======== DATA SECTION ========

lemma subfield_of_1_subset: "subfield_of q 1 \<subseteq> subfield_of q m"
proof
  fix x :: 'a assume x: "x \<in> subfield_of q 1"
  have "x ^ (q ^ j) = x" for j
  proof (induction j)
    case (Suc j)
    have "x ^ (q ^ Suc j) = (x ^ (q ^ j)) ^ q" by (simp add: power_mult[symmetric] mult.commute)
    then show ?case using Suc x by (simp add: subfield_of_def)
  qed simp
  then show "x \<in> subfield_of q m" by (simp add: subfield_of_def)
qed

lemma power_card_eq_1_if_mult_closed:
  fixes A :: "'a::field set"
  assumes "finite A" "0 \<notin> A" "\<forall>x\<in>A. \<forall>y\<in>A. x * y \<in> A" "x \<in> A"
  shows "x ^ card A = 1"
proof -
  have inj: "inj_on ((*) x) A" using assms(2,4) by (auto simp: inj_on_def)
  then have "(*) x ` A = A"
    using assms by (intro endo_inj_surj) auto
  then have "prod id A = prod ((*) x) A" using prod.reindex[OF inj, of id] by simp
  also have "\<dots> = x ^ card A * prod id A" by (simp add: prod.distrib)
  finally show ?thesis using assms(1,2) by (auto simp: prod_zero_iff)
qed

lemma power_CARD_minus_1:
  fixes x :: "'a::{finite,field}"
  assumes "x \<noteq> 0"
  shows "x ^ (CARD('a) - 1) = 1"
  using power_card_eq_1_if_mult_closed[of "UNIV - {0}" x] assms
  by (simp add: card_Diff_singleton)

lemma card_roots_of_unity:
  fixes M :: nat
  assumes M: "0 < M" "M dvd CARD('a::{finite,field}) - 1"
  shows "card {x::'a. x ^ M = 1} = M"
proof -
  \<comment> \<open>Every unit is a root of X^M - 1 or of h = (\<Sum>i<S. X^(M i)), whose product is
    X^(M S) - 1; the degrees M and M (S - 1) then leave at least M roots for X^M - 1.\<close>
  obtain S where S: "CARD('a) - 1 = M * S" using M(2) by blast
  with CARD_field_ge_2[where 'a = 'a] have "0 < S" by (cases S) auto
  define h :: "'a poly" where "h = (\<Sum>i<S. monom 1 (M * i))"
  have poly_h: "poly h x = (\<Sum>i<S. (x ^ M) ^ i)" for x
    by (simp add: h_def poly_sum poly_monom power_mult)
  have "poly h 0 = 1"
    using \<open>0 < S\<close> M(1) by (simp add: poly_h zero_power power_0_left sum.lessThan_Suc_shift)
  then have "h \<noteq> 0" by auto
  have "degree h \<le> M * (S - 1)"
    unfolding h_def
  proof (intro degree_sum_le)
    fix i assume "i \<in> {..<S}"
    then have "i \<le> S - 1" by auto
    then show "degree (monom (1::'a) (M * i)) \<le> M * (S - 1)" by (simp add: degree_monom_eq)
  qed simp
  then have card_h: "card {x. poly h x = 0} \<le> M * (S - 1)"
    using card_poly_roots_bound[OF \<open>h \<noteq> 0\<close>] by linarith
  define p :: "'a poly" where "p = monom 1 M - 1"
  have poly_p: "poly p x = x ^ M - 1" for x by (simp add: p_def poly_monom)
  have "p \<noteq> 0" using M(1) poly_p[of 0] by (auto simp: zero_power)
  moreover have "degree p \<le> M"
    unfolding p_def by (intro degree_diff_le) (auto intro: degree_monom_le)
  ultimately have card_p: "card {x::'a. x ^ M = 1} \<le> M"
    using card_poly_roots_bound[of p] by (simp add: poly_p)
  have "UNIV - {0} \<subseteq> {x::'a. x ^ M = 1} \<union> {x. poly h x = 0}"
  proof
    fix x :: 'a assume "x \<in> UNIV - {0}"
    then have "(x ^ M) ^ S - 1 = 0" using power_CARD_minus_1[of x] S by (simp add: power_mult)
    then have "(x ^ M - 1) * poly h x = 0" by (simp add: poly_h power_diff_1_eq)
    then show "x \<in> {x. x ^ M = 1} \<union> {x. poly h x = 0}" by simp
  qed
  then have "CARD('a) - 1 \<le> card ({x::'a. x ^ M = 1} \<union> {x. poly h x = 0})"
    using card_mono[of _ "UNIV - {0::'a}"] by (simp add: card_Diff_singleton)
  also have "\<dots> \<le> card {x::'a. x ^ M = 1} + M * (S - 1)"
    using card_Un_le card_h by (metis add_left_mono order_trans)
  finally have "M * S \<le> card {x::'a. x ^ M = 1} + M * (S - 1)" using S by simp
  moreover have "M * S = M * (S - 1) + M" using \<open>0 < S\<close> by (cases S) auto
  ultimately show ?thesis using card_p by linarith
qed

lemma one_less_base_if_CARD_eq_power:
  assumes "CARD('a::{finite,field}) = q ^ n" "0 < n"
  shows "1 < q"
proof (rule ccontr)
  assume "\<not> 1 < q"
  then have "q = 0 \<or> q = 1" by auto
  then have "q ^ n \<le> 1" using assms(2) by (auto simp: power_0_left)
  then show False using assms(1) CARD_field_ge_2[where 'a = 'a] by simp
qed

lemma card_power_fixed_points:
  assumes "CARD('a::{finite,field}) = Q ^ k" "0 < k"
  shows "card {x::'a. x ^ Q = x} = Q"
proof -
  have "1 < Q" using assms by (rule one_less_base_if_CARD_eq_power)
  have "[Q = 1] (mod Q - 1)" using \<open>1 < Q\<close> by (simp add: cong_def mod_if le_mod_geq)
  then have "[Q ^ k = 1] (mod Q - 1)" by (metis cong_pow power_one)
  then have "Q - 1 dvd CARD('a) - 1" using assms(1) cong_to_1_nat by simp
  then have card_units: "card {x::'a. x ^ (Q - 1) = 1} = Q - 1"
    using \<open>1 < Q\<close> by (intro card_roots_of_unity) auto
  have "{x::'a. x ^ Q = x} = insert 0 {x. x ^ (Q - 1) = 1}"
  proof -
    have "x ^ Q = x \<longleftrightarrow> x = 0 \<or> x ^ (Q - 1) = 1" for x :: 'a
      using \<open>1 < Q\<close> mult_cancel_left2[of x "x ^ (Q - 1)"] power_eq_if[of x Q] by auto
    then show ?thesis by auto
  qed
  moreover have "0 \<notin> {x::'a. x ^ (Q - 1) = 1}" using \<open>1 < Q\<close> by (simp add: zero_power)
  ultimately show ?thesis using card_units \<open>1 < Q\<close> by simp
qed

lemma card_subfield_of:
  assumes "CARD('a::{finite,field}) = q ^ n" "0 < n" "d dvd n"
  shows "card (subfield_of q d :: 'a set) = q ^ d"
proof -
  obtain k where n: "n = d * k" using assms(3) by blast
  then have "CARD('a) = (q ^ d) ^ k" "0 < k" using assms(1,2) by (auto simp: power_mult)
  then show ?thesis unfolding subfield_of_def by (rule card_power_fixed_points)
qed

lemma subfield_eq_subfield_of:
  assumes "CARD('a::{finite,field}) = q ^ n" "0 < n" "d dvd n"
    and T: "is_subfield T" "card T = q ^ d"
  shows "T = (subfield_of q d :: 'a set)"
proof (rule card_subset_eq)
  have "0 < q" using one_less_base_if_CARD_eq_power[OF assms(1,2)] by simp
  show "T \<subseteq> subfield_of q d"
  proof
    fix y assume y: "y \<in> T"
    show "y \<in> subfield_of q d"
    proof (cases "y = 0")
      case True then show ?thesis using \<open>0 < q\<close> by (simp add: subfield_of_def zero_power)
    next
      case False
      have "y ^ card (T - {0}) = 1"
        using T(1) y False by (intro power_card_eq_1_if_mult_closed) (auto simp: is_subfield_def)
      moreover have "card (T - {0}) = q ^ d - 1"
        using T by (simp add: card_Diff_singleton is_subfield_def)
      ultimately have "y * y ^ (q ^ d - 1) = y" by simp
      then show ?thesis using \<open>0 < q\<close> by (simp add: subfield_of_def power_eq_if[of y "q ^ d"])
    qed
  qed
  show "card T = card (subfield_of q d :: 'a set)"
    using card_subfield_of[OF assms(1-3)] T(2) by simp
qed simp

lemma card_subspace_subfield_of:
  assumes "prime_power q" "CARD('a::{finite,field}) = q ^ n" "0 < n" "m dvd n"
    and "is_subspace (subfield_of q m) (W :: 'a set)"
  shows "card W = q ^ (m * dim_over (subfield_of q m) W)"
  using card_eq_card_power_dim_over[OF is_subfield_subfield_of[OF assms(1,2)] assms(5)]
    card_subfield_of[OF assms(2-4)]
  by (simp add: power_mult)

========

The lines from the first of the entries through the line holding "case (Suc j)" are to be restated word for word, and no others.

* _ANSWER_:
lemma subfield_of_1_subset: "subfield_of q 1 \<subseteq> subfield_of q m"
proof
  fix x :: 'a assume x: "x \<in> subfield_of q 1"
  have "x ^ (q ^ j) = x" for j
  proof (induction j)
    case (Suc j)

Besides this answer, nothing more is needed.